Task inputs section start
text \<open>The new diagonal entry \<open>d - b c / a\<close> is forced by \<open>det N = det M = a d - b c\<close>.\<close>
lemma exists_diagonal_correction:
  fixes M :: mat2
  assumes D: "det2 x y \<noteq> 0" and unit: "norm x = 1" "norm y = 1" and a: "a \<noteq> 0"
    and Mx: "M *v x = a *\<^sub>R x + c *\<^sub>R y" and My: "M *v y = b *\<^sub>R x + d *\<^sub>R y"
  obtains N where "N *v x = a *\<^sub>R x" "N *v y = (d - b * c / a) *\<^sub>R y" "det N = det M"
    "mnorm (M - N) \<le> (\<bar>c\<bar> + \<bar>b\<bar> + \<bar>b * c / a\<bar>) / \<bar>det2 x y\<bar>"
proof -
  define k where "k = b * c / a"
  obtain N where Nx: "N *v x = a *\<^sub>R x" and Ny: "N *v y = (d - k) *\<^sub>R y"
    and "det N = a * (d - k)"
    using exists_matrix_eigenbasis[OF D] .
  then have "det N = det M"
    using a det_in_basis[OF D Mx My] unfolding k_def by (simp add: algebra_simps)
  have "(M - N) *v x = c *\<^sub>R y" and "(M - N) *v y = b *\<^sub>R x + k *\<^sub>R y"
    by (simp_all add: matrix_vector_mult_diff_rdistrib Mx My Nx Ny algebra_simps)
  then have "norm ((M - N) *v x) * norm y + norm x * norm ((M - N) *v y) \<le> \<bar>c\<bar> + \<bar>b\<bar> + \<bar>k\<bar>"
    using unit norm_triangle_ineq[of "b *\<^sub>R x" "k *\<^sub>R y"] by simp
  then have "mnorm (M - N) \<le> (\<bar>c\<bar> + \<bar>b\<bar> + \<bar>k\<bar>) / \<bar>det2 x y\<bar>"
    using mnorm_le_basis[OF D, of "M - N"] divide_right_mono[of _ _ "\<bar>det2 x y\<bar>"] by fastforce
  then show ?thesis
    using that Nx Ny \<open>det N = det M\<close> unfolding k_def by blast
qed

lemma exists_diagonal_near:
  fixes M :: mat2
  assumes unit: "norm x = 1" "norm y = 1" and \<delta>: "0 < \<delta>" "\<delta> \<le> \<bar>det2 x y\<bar>"
    and M: "\<bar>det M\<bar> = 1" "entry_sum M \<le> S"
    and almost: "\<bar>det2 (M *v x) x\<bar> \<le> \<eta>" "\<bar>det2 (M *v y) y\<bar> \<le> \<eta>" "\<eta> \<le> \<delta> / 2"
  obtains N a b where "N *v x = a *\<^sub>R x" "N *v y = b *\<^sub>R y" "det N = det M"
    "mnorm (M - N) \<le> \<eta> / \<delta>\<^sup>2 * (2 + 2 * S / (3 * \<delta>))"
proof -
  define D where "D = det2 x y"
  have D: "D \<noteq> 0" "\<delta> \<le> \<bar>D\<bar>"
    using \<delta> unfolding D_def by auto
  define a c b d where "a = det2 (M *v x) y / D" and "c = det2 x (M *v x) / D"
    and "b = det2 (M *v y) y / D" and "d = det2 x (M *v y) / D"
  have Mx: "M *v x = a *\<^sub>R x + c *\<^sub>R y" and My: "M *v y = b *\<^sub>R x + d *\<^sub>R y"
    unfolding a_def b_def c_def d_def D_def by (rule vec2_decompose[OF D(1)[unfolded D_def]])+
  have \<eta>: "0 \<le> \<eta>" and half: "\<eta> / \<delta> \<le> 1/2"
    using almost \<delta> by (auto simp: field_simps)
  have c: "\<bar>c\<bar> \<le> \<eta> / \<delta>"
    using almost(1) D \<delta> \<eta> unfolding c_def abs_divide det2_swap[of x] by (intro frac_le) auto
  have b: "\<bar>b\<bar> \<le> \<eta> / \<delta>"
    using almost(2) D \<delta> \<eta> unfolding b_def abs_divide by (intro frac_le) auto
  have "\<bar>det2 x (M *v y)\<bar> \<le> S"
    using abs_det2_le[of x "M *v y"] norm_mult_vec_le_entry_sum[of M y] unit M(2) by simp
  then have d: "\<bar>d\<bar> \<le> S / \<delta>"
    unfolding d_def abs_divide using D \<delta> order_trans[OF abs_ge_zero] by (intro frac_le) auto
  have "\<bar>a * d - b * c\<bar> = 1"
    using M(1) det_in_basis[OF D(1)[unfolded D_def] Mx My] by simp
  note ratio = abs_off_diagonal_ratio_le[OF this b c half d \<delta>(1)]
  have sum: "\<bar>c\<bar> + \<bar>b\<bar> + \<bar>b * c / a\<bar> \<le> \<eta> / \<delta> + \<eta> / \<delta> + \<eta> / \<delta> * (2 * S / (3 * \<delta>))"
    using b c ratio(2) by linarith
  have "0 \<le> \<eta> / \<delta> + \<eta> / \<delta> + \<eta> / \<delta> * (2 * S / (3 * \<delta>))"
    by (rule order_trans[OF _ sum]) simp
  obtain N where N: "N *v x = a *\<^sub>R x" "N *v y = (d - b * c / a) *\<^sub>R y" "det N = det M"
    and MN: "mnorm (M - N) \<le> (\<bar>c\<bar> + \<bar>b\<bar> + \<bar>b * c / a\<bar>) / \<bar>D\<bar>"
    using exists_diagonal_correction[OF D(1)[unfolded D_def] unit ratio(1) Mx My] unfolding D_def .
  from MN have "mnorm (M - N) \<le> (\<bar>c\<bar> + \<bar>b\<bar> + \<bar>b * c / a\<bar>) / \<bar>D\<bar>" .
  also have "\<dots> \<le> (\<eta> / \<delta> + \<eta> / \<delta> + \<eta> / \<delta> * (2 * S / (3 * \<delta>))) / \<delta>"
    using sum \<open>0 \<le> \<eta> / \<delta> + \<eta> / \<delta> + \<eta> / \<delta> * (2 * S / (3 * \<delta>))\<close> D \<delta>
    by (intro frac_le) auto
  also have "\<dots> = \<eta> / \<delta>\<^sup>2 * (2 + 2 * S / (3 * \<delta>))"
    using \<delta> by (simp add: field_simps power2_eq_square)
  finally show ?thesis
    using that N by blast
qed

lemma mnorm_le_dcoc: "mnorm (B j - A j) \<le> dcoc B A"
  unfolding dcoc_def by (intro Max_ge) auto

lemma dcoc_le: "(\<And>j. mnorm (B j - A j) \<le> r) \<Longrightarrow> dcoc B A \<le> r"
  unfolding dcoc_def by (subst Max_le_iff) auto

lemma dcoc_nonneg: "0 \<le> dcoc B A"
  using mnorm_le_dcoc[of B undefined A] mnorm_nonneg order_trans by blast
fun subst_lit :: "('p, 'f, 'v) literal \<Rightarrow> ('f, 'v) subst \<Rightarrow> ('p, 'f, 'v) literal" where
  "subst_lit (Pos a) \<sigma> = Pos (subst_atom a \<sigma>)"
| "subst_lit (Neg a) \<sigma> = Neg (subst_atom a \<sigma>)"

definition subst_lits :: "('p, 'f, 'v) literal set \<Rightarrow> ('f, 'v) subst \<Rightarrow> ('p, 'f, 'v) literal set" where
  "subst_lits Ls \<sigma> = (\<lambda>L. subst_lit L \<sigma>) ` Ls"

definition is_unifier :: "('f, 'v) subst \<Rightarrow> ('p, 'f, 'v) atom \<Rightarrow> ('p, 'f, 'v) atom \<Rightarrow> bool" where
  "is_unifier \<sigma> A B \<longleftrightarrow> subst_atom A \<sigma> = subst_atom B \<sigma>"

definition is_mgu :: "('f, 'v) subst \<Rightarrow> ('p, 'f, 'v) atom \<Rightarrow> ('p, 'f, 'v) atom \<Rightarrow> bool" where
  "is_mgu \<sigma> A B \<longleftrightarrow> is_unifier \<sigma> A B \<and>
     (\<forall>\<tau>. is_unifier \<tau> A B \<longrightarrow> (\<exists>\<delta>. \<forall>x. \<tau> x = subst_trm (\<sigma> x) \<delta>))"

end

theory Submission
  imports Defs
begin

text \<open>If \<open>\<sigma>\<close> mapped some variable of \<open>A\<^sub>1\<close> to a compound term, then, \<open>\<sigma>\<close> being most
  general, every unifier would. So it suffices to exhibit one unifier \<open>\<theta>\<close> sending
  \<open>Var(A\<^sub>1)\<close> to variables and constants; flatness and the variable equalities then
  transfer from \<open>G\<close> and \<open>\<G>\<close>. The unifier \<open>\<theta>\<close> is obtained from \<open>\<sigma>\<close> by cutting terms
  off below the first level (images of \<open>Var(A\<^sub>1)\<close>) or below the second level (all
  other images). That this still unifies rests on a size argument: every variable
  of a simple covering atom occurs as a direct argument of each of its compound
  arguments, so its image under \<open>\<sigma>\<close> is strictly smaller than theirs.\<close>

lemma var_or_const_simps [simp]:
  "var_or_const (Var x)"
  "var_or_const (Fun f ts) \<longleftrightarrow> ts = []"
  by (auto simp: var_or_const_def is_var_def is_const_def)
Task inputs section end
What is required - Lines wanted from the listing above: the line with "literal \<Rightarrow> ('f, 'v)" up to and including the line with "(\<lambda>L. subst_lit L". Please write them out exactly, adding nothing else.

Response to the task -
fun subst_lit :: "('p, 'f, 'v) literal \<Rightarrow> ('f, 'v) subst \<Rightarrow> ('p, 'f, 'v) literal" where
  "subst_lit (Pos a) \<sigma> = Pos (subst_atom a \<sigma>)"
| "subst_lit (Neg a) \<sigma> = Neg (subst_atom a \<sigma>)"

definition subst_lits :: "('p, 'f, 'v) literal set \<Rightarrow> ('f, 'v) subst \<Rightarrow> ('p, 'f, 'v) literal set" where
  "subst_lits Ls \<sigma> = (\<lambda>L. subst_lit L \<sigma>) ` Ls"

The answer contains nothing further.